RECORD EXCERPTS:
★ ★ ★ ★

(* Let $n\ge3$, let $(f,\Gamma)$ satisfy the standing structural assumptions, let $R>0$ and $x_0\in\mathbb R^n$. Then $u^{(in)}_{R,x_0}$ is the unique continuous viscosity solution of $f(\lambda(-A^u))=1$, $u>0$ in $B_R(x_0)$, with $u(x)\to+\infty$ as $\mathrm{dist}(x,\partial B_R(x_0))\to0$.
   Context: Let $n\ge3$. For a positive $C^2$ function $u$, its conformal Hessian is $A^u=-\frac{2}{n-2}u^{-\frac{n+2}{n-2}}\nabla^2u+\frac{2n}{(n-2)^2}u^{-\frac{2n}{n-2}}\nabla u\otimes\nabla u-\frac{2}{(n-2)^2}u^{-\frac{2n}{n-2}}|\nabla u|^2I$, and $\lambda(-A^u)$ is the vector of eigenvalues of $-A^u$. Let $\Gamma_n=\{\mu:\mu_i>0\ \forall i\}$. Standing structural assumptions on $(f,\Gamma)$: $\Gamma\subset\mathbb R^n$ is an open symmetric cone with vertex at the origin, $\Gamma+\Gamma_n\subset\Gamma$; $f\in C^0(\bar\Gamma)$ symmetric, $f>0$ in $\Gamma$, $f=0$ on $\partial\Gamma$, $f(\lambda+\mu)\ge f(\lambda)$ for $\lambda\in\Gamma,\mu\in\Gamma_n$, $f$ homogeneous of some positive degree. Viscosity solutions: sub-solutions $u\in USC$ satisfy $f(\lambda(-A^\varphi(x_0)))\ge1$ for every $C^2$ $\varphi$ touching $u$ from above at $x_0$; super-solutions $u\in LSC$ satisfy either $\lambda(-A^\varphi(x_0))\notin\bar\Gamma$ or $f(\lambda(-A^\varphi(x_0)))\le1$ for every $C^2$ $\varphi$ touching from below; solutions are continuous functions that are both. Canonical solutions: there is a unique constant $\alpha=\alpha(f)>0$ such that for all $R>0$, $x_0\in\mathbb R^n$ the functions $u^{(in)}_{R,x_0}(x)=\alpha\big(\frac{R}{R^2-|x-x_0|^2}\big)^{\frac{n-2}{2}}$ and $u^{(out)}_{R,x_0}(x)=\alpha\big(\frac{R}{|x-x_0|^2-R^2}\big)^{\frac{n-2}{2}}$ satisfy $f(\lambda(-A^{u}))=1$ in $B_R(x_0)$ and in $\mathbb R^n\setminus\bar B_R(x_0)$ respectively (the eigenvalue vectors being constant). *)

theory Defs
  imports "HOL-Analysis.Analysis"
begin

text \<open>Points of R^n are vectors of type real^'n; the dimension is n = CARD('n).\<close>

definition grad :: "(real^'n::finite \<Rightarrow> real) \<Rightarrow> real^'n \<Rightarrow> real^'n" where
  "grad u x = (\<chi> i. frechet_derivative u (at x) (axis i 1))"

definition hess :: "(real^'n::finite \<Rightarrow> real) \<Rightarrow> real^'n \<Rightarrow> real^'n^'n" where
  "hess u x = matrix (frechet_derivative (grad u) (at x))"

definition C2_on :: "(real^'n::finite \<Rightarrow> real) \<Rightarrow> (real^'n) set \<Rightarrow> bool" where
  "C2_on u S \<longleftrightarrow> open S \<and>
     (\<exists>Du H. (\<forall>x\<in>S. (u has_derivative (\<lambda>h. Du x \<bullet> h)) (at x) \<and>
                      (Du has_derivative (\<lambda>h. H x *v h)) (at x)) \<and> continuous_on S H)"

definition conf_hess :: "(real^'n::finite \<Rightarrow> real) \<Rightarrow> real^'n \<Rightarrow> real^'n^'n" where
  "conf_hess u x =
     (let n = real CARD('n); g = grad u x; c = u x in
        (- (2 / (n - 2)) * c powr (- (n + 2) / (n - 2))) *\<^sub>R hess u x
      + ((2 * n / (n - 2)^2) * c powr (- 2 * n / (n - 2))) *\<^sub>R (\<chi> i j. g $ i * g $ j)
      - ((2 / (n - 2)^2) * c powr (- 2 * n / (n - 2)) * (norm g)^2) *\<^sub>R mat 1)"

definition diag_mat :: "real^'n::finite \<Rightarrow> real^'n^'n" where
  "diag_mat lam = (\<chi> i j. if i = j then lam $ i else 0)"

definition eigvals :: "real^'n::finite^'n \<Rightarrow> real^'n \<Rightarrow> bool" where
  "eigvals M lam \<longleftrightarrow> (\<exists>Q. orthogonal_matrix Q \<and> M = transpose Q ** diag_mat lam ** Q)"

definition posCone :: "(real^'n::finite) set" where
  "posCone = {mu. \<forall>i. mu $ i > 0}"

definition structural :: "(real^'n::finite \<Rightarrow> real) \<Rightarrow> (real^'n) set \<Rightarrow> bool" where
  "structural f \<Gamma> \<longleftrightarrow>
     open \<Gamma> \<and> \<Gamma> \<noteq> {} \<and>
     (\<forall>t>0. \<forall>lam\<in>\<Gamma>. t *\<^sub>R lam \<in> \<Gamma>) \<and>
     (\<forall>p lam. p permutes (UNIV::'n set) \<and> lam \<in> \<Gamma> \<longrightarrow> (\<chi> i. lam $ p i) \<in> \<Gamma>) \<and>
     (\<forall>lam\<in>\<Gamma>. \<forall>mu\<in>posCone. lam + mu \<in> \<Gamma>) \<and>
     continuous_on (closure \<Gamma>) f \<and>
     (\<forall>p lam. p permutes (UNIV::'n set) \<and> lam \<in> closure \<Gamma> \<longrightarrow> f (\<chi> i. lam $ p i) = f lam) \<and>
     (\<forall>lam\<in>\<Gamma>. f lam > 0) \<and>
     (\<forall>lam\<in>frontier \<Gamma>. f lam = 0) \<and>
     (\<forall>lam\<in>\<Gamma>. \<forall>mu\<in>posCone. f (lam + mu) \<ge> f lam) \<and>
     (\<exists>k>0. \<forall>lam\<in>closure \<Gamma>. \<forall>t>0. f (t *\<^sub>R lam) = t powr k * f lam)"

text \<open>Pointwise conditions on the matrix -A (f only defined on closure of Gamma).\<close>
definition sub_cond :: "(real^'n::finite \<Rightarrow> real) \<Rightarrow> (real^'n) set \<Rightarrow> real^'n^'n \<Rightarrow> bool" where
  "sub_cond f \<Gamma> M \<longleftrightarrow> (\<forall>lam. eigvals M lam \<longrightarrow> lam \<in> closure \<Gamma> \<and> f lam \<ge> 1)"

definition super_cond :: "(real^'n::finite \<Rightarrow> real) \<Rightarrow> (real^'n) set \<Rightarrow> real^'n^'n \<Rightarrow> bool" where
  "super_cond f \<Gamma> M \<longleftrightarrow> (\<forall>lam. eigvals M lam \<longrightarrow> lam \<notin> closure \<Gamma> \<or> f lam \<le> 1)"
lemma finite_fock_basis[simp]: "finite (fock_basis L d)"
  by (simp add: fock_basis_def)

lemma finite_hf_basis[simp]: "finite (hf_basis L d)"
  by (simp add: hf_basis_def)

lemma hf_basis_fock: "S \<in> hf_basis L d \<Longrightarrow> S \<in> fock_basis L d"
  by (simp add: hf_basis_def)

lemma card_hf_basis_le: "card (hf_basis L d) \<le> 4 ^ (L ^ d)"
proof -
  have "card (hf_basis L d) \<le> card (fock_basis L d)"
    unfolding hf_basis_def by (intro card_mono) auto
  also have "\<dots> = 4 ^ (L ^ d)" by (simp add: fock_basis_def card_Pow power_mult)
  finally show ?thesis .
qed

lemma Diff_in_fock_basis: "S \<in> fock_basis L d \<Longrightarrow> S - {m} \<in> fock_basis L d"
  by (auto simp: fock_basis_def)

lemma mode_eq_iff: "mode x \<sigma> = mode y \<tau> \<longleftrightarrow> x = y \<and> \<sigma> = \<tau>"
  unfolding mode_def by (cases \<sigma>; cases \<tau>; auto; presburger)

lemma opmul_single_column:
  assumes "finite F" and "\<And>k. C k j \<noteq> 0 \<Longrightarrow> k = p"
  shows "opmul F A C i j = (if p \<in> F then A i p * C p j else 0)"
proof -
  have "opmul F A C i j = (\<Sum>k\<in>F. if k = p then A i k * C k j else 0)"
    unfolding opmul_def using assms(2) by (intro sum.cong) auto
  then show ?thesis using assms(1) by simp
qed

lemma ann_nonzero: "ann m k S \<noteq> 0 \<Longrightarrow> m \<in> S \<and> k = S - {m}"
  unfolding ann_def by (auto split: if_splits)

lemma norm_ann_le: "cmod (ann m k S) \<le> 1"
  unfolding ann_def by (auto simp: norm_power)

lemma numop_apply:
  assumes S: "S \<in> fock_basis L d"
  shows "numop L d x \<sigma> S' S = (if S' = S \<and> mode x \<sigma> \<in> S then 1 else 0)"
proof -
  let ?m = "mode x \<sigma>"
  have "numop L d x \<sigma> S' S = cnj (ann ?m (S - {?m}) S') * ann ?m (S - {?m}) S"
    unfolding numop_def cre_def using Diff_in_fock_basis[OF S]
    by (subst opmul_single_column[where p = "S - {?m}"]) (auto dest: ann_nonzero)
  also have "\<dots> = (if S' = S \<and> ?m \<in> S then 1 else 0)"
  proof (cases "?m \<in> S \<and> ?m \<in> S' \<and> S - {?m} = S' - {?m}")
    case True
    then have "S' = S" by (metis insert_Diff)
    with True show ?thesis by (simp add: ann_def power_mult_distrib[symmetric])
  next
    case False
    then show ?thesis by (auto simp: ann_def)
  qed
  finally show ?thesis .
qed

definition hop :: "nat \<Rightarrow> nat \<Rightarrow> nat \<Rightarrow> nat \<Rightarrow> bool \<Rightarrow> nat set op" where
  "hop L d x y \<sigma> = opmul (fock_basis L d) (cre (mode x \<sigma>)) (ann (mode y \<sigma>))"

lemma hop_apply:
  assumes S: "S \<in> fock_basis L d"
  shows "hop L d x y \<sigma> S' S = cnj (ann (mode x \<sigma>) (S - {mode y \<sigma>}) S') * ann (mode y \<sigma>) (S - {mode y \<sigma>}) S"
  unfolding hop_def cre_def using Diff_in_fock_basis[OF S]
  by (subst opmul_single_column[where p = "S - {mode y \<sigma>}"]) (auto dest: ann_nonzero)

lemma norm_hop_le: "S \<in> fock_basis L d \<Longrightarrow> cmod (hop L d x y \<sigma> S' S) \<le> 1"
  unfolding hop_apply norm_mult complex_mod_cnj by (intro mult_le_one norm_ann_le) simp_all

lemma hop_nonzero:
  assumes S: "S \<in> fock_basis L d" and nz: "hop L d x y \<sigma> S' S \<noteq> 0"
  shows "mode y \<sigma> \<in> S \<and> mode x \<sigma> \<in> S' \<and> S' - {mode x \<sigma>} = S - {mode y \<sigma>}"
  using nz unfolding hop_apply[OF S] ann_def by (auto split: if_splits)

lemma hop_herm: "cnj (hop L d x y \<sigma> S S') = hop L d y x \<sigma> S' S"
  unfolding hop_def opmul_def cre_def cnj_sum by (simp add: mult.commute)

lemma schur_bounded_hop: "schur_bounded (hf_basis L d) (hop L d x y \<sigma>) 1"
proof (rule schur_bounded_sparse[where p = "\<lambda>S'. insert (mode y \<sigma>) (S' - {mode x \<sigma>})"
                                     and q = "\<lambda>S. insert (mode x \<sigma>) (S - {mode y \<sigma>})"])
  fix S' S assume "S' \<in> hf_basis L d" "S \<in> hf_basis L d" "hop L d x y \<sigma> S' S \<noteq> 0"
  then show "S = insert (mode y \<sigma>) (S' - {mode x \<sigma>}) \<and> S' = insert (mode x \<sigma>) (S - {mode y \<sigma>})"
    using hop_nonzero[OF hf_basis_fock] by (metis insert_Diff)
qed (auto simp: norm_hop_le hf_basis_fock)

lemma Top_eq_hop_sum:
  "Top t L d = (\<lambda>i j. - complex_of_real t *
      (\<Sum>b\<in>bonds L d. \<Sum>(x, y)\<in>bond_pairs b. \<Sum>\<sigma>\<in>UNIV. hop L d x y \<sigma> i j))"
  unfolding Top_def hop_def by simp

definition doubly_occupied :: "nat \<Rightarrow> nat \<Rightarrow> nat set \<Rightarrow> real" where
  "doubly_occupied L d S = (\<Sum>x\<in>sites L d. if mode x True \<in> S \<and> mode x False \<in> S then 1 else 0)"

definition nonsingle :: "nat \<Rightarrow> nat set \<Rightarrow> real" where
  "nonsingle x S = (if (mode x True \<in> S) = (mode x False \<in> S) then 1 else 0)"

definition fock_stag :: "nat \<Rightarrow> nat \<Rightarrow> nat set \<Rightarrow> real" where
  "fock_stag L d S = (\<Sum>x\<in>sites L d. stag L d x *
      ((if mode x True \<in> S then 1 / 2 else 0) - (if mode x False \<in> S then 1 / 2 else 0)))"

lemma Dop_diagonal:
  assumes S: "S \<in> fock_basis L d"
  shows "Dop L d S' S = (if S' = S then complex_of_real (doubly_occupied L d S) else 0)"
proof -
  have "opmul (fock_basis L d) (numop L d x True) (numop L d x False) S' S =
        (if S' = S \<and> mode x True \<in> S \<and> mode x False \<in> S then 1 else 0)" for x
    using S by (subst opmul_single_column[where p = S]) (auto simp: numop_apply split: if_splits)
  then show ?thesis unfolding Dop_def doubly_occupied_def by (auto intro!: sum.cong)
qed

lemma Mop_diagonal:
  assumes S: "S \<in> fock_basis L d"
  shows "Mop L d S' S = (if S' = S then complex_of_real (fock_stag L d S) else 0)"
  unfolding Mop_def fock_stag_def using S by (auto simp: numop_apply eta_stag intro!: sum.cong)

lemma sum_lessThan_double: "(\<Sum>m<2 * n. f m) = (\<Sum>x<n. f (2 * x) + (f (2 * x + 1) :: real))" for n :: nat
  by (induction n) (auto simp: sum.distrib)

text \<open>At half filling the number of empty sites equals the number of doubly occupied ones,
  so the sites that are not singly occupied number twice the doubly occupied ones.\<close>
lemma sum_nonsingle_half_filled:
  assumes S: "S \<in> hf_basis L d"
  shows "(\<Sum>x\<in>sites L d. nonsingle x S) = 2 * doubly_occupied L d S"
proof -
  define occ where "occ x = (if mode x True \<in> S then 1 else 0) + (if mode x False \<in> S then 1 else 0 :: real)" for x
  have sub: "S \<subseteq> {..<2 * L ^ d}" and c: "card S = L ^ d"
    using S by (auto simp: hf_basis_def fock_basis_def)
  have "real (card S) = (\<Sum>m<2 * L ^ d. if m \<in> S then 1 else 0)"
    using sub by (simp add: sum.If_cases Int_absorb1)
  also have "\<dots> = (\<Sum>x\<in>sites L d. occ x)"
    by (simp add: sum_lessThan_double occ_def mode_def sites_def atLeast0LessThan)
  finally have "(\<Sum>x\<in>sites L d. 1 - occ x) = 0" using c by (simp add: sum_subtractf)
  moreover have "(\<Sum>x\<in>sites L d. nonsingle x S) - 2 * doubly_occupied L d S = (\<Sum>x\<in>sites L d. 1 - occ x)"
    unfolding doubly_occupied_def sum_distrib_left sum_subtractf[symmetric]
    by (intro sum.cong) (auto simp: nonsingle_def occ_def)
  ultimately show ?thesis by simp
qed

★ ★ ★ ★

AIM OF THE EXERCISE: Determine how many lines of the data include the word "dest". Reply with the count and no other text.

WRITTEN SOLUTION: 2